At the present time, Generative AI is being used for the following purposes:

*Automation of repetitive tasks such as those found in Penetration Testing and Threat Hunting.

*Filtering out for false positives and only presenting the real threats to the IT Security team via the SIEM.

*Wherever possible, using it for staff augmentation purposes, such as using a chatbot as the first point of contact with a prospect or a customer.

*Being used in Forensics Analysis to a much deeper dive into the latent evidence that is collected.

But as mentioned, those of us in Cyber want Generative AI to do more than this.  In fact, there is a technical term that has now been coined up for it, which is:  “Critical Thinking AI”.  Meaning, how far can we make Generative AI think and reason on its own just like the human brain, without having the need to pump into gargantuan datasets?

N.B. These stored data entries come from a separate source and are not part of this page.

(* Given a Spherical Diagram $\mathcal D$, every great circle on the unit sphere is crossed by at least three distinct arcs of $\mathcal D$.
   Context: A geodesic arc on the unit sphere in $\mathbb R^3$ is the unique shortest curve joining two non-antipodal points. An arc $a$ blocks an arc $b$ (equivalently, $b$ hits $a$) if an endpoint of $b$ lies in the relative interior of $a$. A Spherical Diagram (SD) is a finite non-empty collection $\mathcal D$ of pairwise interior-disjoint geodesic arcs on the unit sphere such that each arc of $\mathcal D$ is blocked by arcs of $\mathcal D$ at each of its endpoints. An arc $a$ crosses a curve $\gamma$ if $a\cap\gamma$ contains an isolated point $x$ in the relative interior of $a$ such that every neighborhood of $x$ contains points of $\gamma$ on both sides of $a$. *)

theory Defs
  imports "HOL-Analysis.Analysis"
begin

type_synonym pt = "real^3"

definition arc_ends :: "pt \<Rightarrow> pt \<Rightarrow> bool" where
  "arc_ends p q \<longleftrightarrow> norm p = 1 \<and> norm q = 1 \<and> p \<noteq> q \<and> p \<noteq> - q"

text \<open>The geodesic (minor great-circle) arc from p to q: radial projection of the chord.\<close>
definition geo_arc :: "pt \<Rightarrow> pt \<Rightarrow> pt set" where
  "geo_arc p q = (\<lambda>v. v /\<^sub>R norm v) ` closed_segment p q"

definition geo_arc_int :: "pt \<Rightarrow> pt \<Rightarrow> pt set" where
  "geo_arc_int p q = (\<lambda>v. v /\<^sub>R norm v) ` open_segment p q"

definition is_arc :: "pt set \<Rightarrow> bool" where
  "is_arc A \<longleftrightarrow> (\<exists>p q. arc_ends p q \<and> A = geo_arc p q)"

definition relint_arc :: "pt set \<Rightarrow> pt set" where
  "relint_arc A = {x. \<exists>p q. arc_ends p q \<and> A = geo_arc p q \<and> x \<in> geo_arc_int p q}"

definition endpoint_of :: "pt \<Rightarrow> pt set \<Rightarrow> bool" where
  "endpoint_of x A \<longleftrightarrow> (\<exists>p q. arc_ends p q \<and> A = geo_arc p q \<and> (x = p \<or> x = q))"

definition blocks :: "pt set \<Rightarrow> pt set \<Rightarrow> bool" where
  "blocks a b \<longleftrightarrow> (\<exists>x. endpoint_of x b \<and> x \<in> relint_arc a)"

definition spherical_diagram :: "pt set set \<Rightarrow> bool" where
  "spherical_diagram D \<longleftrightarrow>
     finite D \<and> D \<noteq> {} \<and> (\<forall>a\<in>D. is_arc a) \<and>
     (\<forall>a\<in>D. \<forall>b\<in>D. a \<noteq> b \<longrightarrow> relint_arc a \<inter> relint_arc b = {}) \<and>
     (\<forall>b\<in>D. \<forall>x. endpoint_of x b \<longrightarrow> (\<exists>a\<in>D. x \<in> relint_arc a))"

definition great_circle :: "pt \<Rightarrow> pt set" where
  "great_circle n = {x. norm x = 1 \<and> x \<bullet> n = 0}"

definition crosses :: "pt set \<Rightarrow> pt set \<Rightarrow> bool" where
  "crosses a \<gamma> \<longleftrightarrow> (\<exists>p q x. arc_ends p q \<and> a = geo_arc p q \<and> x \<in> geo_arc_int p q \<and> x \<in> \<gamma> \<and>
      (\<exists>e>0. a \<inter> \<gamma> \<inter> ball x e = {x}) \<and>
      (\<forall>e>0. (\<exists>y\<in>\<gamma>. dist y x < e \<and> y \<bullet> cross3 p q > 0) \<and>
             (\<exists>y\<in>\<gamma>. dist y x < e \<and> y \<bullet> cross3 p q < 0)))"

end

theory Submission
  imports Defs
begin

text \<open>
  Call an arc of \<open>D\<close> transversal to \<open>C = great_circle n\<close> if its endpoints lie strictly on
  opposite sides of the plane of \<open>C\<close>. A transversal arc crosses \<open>C\<close>, at exactly one point, so
  it suffices to show that for every direction \<open>u\<close> in the plane of \<open>C\<close> some transversal arc
  meets \<open>C\<close> at a point \<open>x\<close> with \<open>x \<bullet> u > 0\<close>: at most two points of \<open>C\<close> cannot do this for
  every \<open>u\<close>, since two points of a circle always lie in a closed half-circle.

  Some endpoint of \<open>D\<close> lies off \<open>C\<close>, say in the hemisphere \<open>x \<bullet> n > 0\<close>, because an arc
  lying in \<open>C\<close> is blocked by another arc lying in \<open>C\<close>, and the two would overlap. Among the
  endpoints in that hemisphere choose \<open>v\<close> maximising \<open>M = (v \<bullet> u) / (v \<bullet> n)\<close> and consider the
  tilted great circle \<open>x \<bullet> u = M (x \<bullet> n)\<close> through \<open>v\<close>. For the arc blocking \<open>v\<close>, either
  some transversal arc meets \<open>C\<close> on the side \<open>x \<bullet> u > 0\<close>, or it lies in the tilted circle. In
  the latter case one of its endpoints is in the open hemisphere, and the arc blocking that
  endpoint lies in the tilted circle as well, so two arcs of \<open>D\<close> overlap.
\<close>

lemma pos_comb_eq_0_cases:
  fixes a b s t :: real
  assumes "a > 0" "b > 0" "a * s + b * t = 0"
  shows "s > 0 \<and> t < 0 \<or> s < 0 \<and> t > 0 \<or> s = 0 \<and> t = 0"
proof -
  have "a * s > 0 \<longleftrightarrow> s > 0" "a * s < 0 \<longleftrightarrow> s < 0" "b * t > 0 \<longleftrightarrow> t > 0" "b * t < 0 \<longleftrightarrow> t < 0"
    using assms(1,2) by (simp_all add: zero_less_mult_iff mult_less_0_iff)
  then show ?thesis using assms(3) by linarith
qed

lemma pos_comb_pos:
  fixes a b s t :: real
  assumes "a > 0" "b > 0" "a * s + b * t > 0"
  shows "s > 0 \<or> t > 0"
proof -
  have "a * s > 0 \<longleftrightarrow> s > 0" "b * t > 0 \<longleftrightarrow> t > 0"
    using assms(1,2) by (simp_all add: zero_less_mult_iff)
  then show ?thesis using assms(3) by linarith
qed

section \<open>Geodesic arcs\<close>

lemma arc_ends_commute: "arc_ends p q \<longleftrightarrow> arc_ends q p"
  by (auto simp: arc_ends_def)

lemma geo_arc_commute: "geo_arc p q = geo_arc q p"
  by (simp add: geo_arc_def closed_segment_commute)

lemma geo_arc_int_commute: "geo_arc_int p q = geo_arc_int q p"
  by (simp add: geo_arc_int_def open_segment_commute)

lemma arc_ends_comb_eq_0_iff:
  assumes "arc_ends p q"
  shows "a *\<^sub>R p + b *\<^sub>R q = 0 \<longleftrightarrow> a = 0 \<and> b = 0"
proof
  assume comb: "a *\<^sub>R p + b *\<^sub>R q = 0"
  have p: "norm p = 1" "p \<noteq> q" "p \<noteq> - q" and q: "norm q = 1"
    using assms by (auto simp: arc_ends_def)
  show "a = 0 \<and> b = 0"
  proof (cases "a = 0")
    case True
    then show ?thesis using comb q by auto
  next
    case False
    then have pe: "p = (- b / a) *\<^sub>R q"
    proof -
      have "a *\<^sub>R p = - (b *\<^sub>R q)" using comb by (simp add: eq_neg_iff_add_eq_0)
      then have "(1 / a) *\<^sub>R (a *\<^sub>R p) = (- b / a) *\<^sub>R q" by simp
      then show ?thesis using False by simp
    qed
    then have "norm p = \<bar>- b / a\<bar>" using q by simp
    then have "- b / a = 1 \<or> - b / a = -1" using p by linarith
    then have "p = q \<or> p = - q" using pe by auto
    then show ?thesis using p by blast
  qed
qed simp

lemma arc_ends_comb_eq_iff:
  assumes "arc_ends p q"
  shows "a *\<^sub>R p + b *\<^sub>R q = c *\<^sub>R p + d *\<^sub>R q \<longleftrightarrow> a = c \<and> b = d"
  using arc_ends_comb_eq_0_iff [OF assms, of "a - c" "b - d"] by (simp add: algebra_simps)

lemma arc_ends_cross3_nonzero:
  assumes "arc_ends p q"
  shows "cross3 p q \<noteq> 0"
proof
  assume "cross3 p q = 0"
  then have "collinear {0, p, q}" by (simp add: cross_eq_0)
  moreover have "p \<noteq> 0" "q \<noteq> 0" using assms by (auto simp: arc_ends_def)
  ultimately obtain c where "q = c *\<^sub>R p" using collinear_lemma by blast
  then have "c *\<^sub>R p + (-1) *\<^sub>R q = 0" by simp
  then show False using arc_ends_comb_eq_0_iff [OF assms, of c "-1"] by simp
qed

lemma sgn_segment_point:
  assumes "arc_ends p q" "0 \<le> t" "t \<le> 1"
  obtains N where "N > 0" "sgn ((1 - t) *\<^sub>R p + t *\<^sub>R q) = ((1 - t) / N) *\<^sub>R p + (t / N) *\<^sub>R q"
    "norm (sgn ((1 - t) *\<^sub>R p + t *\<^sub>R q)) = 1"
proof
  have "(1 - t) *\<^sub>R p + t *\<^sub>R q \<noteq> 0"
    using assms arc_ends_comb_eq_0_iff [OF assms(1)] by auto
  then show "norm ((1 - t) *\<^sub>R p + t *\<^sub>R q) > 0" "norm (sgn ((1 - t) *\<^sub>R p + t *\<^sub>R q)) = 1"
    by (simp_all add: norm_sgn)
qed (simp add: sgn_div_norm scaleR_add_right divide_inverse_commute)

lemma geo_arcE:
  assumes "arc_ends p q" "x \<in> geo_arc p q"
  obtains a b where "a \<ge> 0" "b \<ge> 0" "x = a *\<^sub>R p + b *\<^sub>R q" "norm x = 1"
proof -
  obtain t where t: "0 \<le> t" "t \<le> 1" and x: "x = sgn ((1 - t) *\<^sub>R p + t *\<^sub>R q)"
    using assms(2) by (auto simp: geo_arc_def in_segment sgn_div_norm)
  obtain N where "N > 0" "x = ((1 - t) / N) *\<^sub>R p + (t / N) *\<^sub>R q" "norm x = 1"
    unfolding x using sgn_segment_point [OF assms(1) t] .
  then show thesis using t by (intro that) simp_all
qed

lemma geo_arc_intE:
  assumes "arc_ends p q" "x \<in> geo_arc_int p q"
  obtains a b where "a > 0" "b > 0" "x = a *\<^sub>R p + b *\<^sub>R q" "norm x = 1"
proof -
  obtain t where t: "0 < t" "t < 1" and x: "x = sgn ((1 - t) *\<^sub>R p + t *\<^sub>R q)"
    using assms(2) by (auto simp: geo_arc_int_def in_segment sgn_div_norm)
  obtain N where "N > 0" "x = ((1 - t) / N) *\<^sub>R p + (t / N) *\<^sub>R q" "norm x = 1"
    unfolding x using sgn_segment_point [OF assms(1)] t by (metis less_imp_le)
  then show thesis using t by (intro that) simp_all
qed

lemma sgn_comb_in_geo_arc_int:
  assumes "arc_ends p q" "a > 0" "b > 0"
  shows "sgn (a *\<^sub>R p + b *\<^sub>R q) \<in> geo_arc_int p q"
proof -
  define t where "t = b / (a + b)"
  have "(a + b) * (1 - t) = a" "(a + b) * t = b"
    using assms by (simp_all add: t_def field_simps)
  then have "a *\<^sub>R p + b *\<^sub>R q = (a + b) *\<^sub>R ((1 - t) *\<^sub>R p + t *\<^sub>R q)"
    by (simp add: scaleR_add_right)
  then have "sgn (a *\<^sub>R p + b *\<^sub>R q) = sgn ((1 - t) *\<^sub>R p + t *\<^sub>R q)"
    using assms by (simp add: sgn_scaleR)
  moreover have "0 < t" "t < 1" using assms by (simp_all add: t_def)
  then have "(1 - t) *\<^sub>R p + t *\<^sub>R q \<in> open_segment p q"
    using assms by (auto simp: in_segment arc_ends_def)
  ultimately show ?thesis by (auto simp: geo_arc_int_def sgn_div_norm)
qed

lemma geo_arc_int_subset: "geo_arc_int p q \<subseteq> geo_arc p q"
  unfolding geo_arc_int_def geo_arc_def using segment_open_subset_closed by blast

lemma geo_arc_eq_int_ends:
  assumes "arc_ends p q"
  shows "geo_arc p q = insert p (insert q (geo_arc_int p q))"
proof -
  have sgn: "(\<lambda>v. v /\<^sub>R norm v) = sgn" by (simp add: fun_eq_iff sgn_div_norm)
  have "sgn p = p" "sgn q = q" using assms by (auto simp: arc_ends_def sgn_div_norm)
  then show ?thesis
    unfolding geo_arc_def geo_arc_int_def sgn closed_segment_eq_open by auto
qed

lemma end_notin_geo_arc_int:
  assumes pq: "arc_ends p q" and pq': "arc_ends p' q'" and eq: "geo_arc p q = geo_arc p' q'"
  shows "p \<notin> geo_arc_int p' q'"
proof
  assume "p \<in> geo_arc_int p' q'"
  then obtain a b where ab: "a > 0" "b > 0" "p = a *\<^sub>R p' + b *\<^sub>R q'"
    by (rule geo_arc_intE [OF pq'])
  have "p' \<in> geo_arc p q" "q' \<in> geo_arc p q"
    unfolding eq geo_arc_eq_int_ends [OF pq'] by simp_all
  then obtain l1 m1 l2 m2 where
    p': "l1 \<ge> 0" "m1 \<ge> 0" "p' = l1 *\<^sub>R p + m1 *\<^sub>R q" and
    q': "l2 \<ge> 0" "m2 \<ge> 0" "q' = l2 *\<^sub>R p + m2 *\<^sub>R q"
    using geo_arcE [OF pq] by metis
  have "1 *\<^sub>R p + 0 *\<^sub>R q = (a * l1 + b * l2) *\<^sub>R p + (a * m1 + b * m2) *\<^sub>R q"
    using ab(3) p'(3) q'(3) by (simp add: algebra_simps)
  then have "a * m1 + b * m2 = 0" by (simp only: arc_ends_comb_eq_iff [OF pq])
  then have "m1 = 0" "m2 = 0" using ab p' q' by (simp_all add: add_nonneg_eq_0_iff)
  then have "p' = l1 *\<^sub>R p" "q' = l2 *\<^sub>R p" using p' q' by simp_all
  moreover from this have "l1 = 1" "l2 = 1" using p'(1) q'(1) pq pq' by (simp_all add: arc_ends_def)
  ultimately show False using pq' by (simp add: arc_ends_def)
qed

lemma endpoint_of_geo_arc_iff:
  assumes pq: "arc_ends p q"
  shows "endpoint_of x (geo_arc p q) \<longleftrightarrow> x = p \<or> x = q"
proof
  assume "endpoint_of x (geo_arc p q)"
  then obtain p' q' where pq': "arc_ends p' q'" "geo_arc p q = geo_arc p' q'" "x = p' \<or> x = q'"
    unfolding endpoint_of_def by blast
  then obtain y where xy: "arc_ends x y" "geo_arc p q = geo_arc x y"
    using arc_ends_commute geo_arc_commute by blast
  have "x \<in> geo_arc p q" unfolding xy(2) geo_arc_eq_int_ends [OF xy(1)] by simp
  moreover have "x \<notin> geo_arc_int p q" using end_notin_geo_arc_int [OF xy(1) pq] xy(2) by simp
  ultimately show "x = p \<or> x = q" unfolding geo_arc_eq_int_ends [OF pq] by blast
next
  assume "x = p \<or> x = q"
  then show "endpoint_of x (geo_arc p q)" unfolding endpoint_of_def using pq by blast
qed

The answer to this is a blatant “No”.  We will never understand the human brain at 100%, like we can the other major organs of the human body.  At most, we will get to 0.0005%.  But given this extremely low margin, there is still some hope that we can push what we have now just a little bit further.  Here are some examples of what people are thinking:

*Having Generative AI train itself to get rid of “Hallucinations”.  You are probably wondering what this is, exactly?  Well, here is a good definition of it:

“AI hallucinations are inaccurate or misleading results that AI models generate. They can occur when the model generates a response that's statistically similar to factually correct data, but is otherwise false.” 

(SOURCE:  Google Search”).

A good example of this is the chatbots that are heavily used in the healthcare industry.  Suppose you have a virtual appointment, and rather than talking to a real doctor, you are instead talking to a “Digital Person”.  You tell it the symptoms you are feeling.  From here, it will then take this information, go its database, and try to find a name for the ailment you might be facing.  For instance, is it the cold, the flu, or even worse, COVID-19?  While to some degree this “Digital Person” will be able to provide an answer, your next response will be:  “What do I take for it?”.  Suppose again, it comes back and says that you need to take Losartan, which is a diuretic.  Of course, this is false, because for the diagnosis, a “water pill” is not needed.  This is called the “Hallucination  Effect”.  Meaning, the Generative AI system has the datasets that it needs to provide a more or less accurate prescription, but it does not.  Instead, it give a false answer.  So, a future goal of “Critical Thinking AI” would be to have the Digital Person quickly realize this mistake on its own, and give a correct answer by saying you need to an antibiotic.  The ultimate goal here is to do this all without any sort of human intervention.

*Phishing still remains the main threat variant of today, coming in all kinds of flavors.  Generative AI is now being used to filter for them, and from what I know, it seems to be doing somewhat of a good job at it.  But the case of a Business Compromise Email (BEC) attack.  In this case, the administrative assistant would receive a fake, but albeit, a very convincing email from the CEO demanding that a large sum of money be transferred to a customer, as a payment.  But of course, if any money is ever sent, it would be deposited into a phony offshore account in China.  But if the administrative assistant were to notice the nuances of this particular email, he or she would then backtrack on their own to determine its legitimacy.  But this of course can take time.  So, the goal of “Critical Thinking AI” in this case would be to have the Generative AI model look all of this into its own (when queried to do so), determine the origin of it, and give a finding back to the administrative assistant.

My Thoughts On This:

So, how can get to the point of “Critical Thinking AI”?  Well, first, it is important to note that the scenarios that I depicted above are purely fictional in the reality of what we are expecting the Generative AI model to do.  We could get close to having it do them, but the reality is that human intervention will always be needed at  some point time.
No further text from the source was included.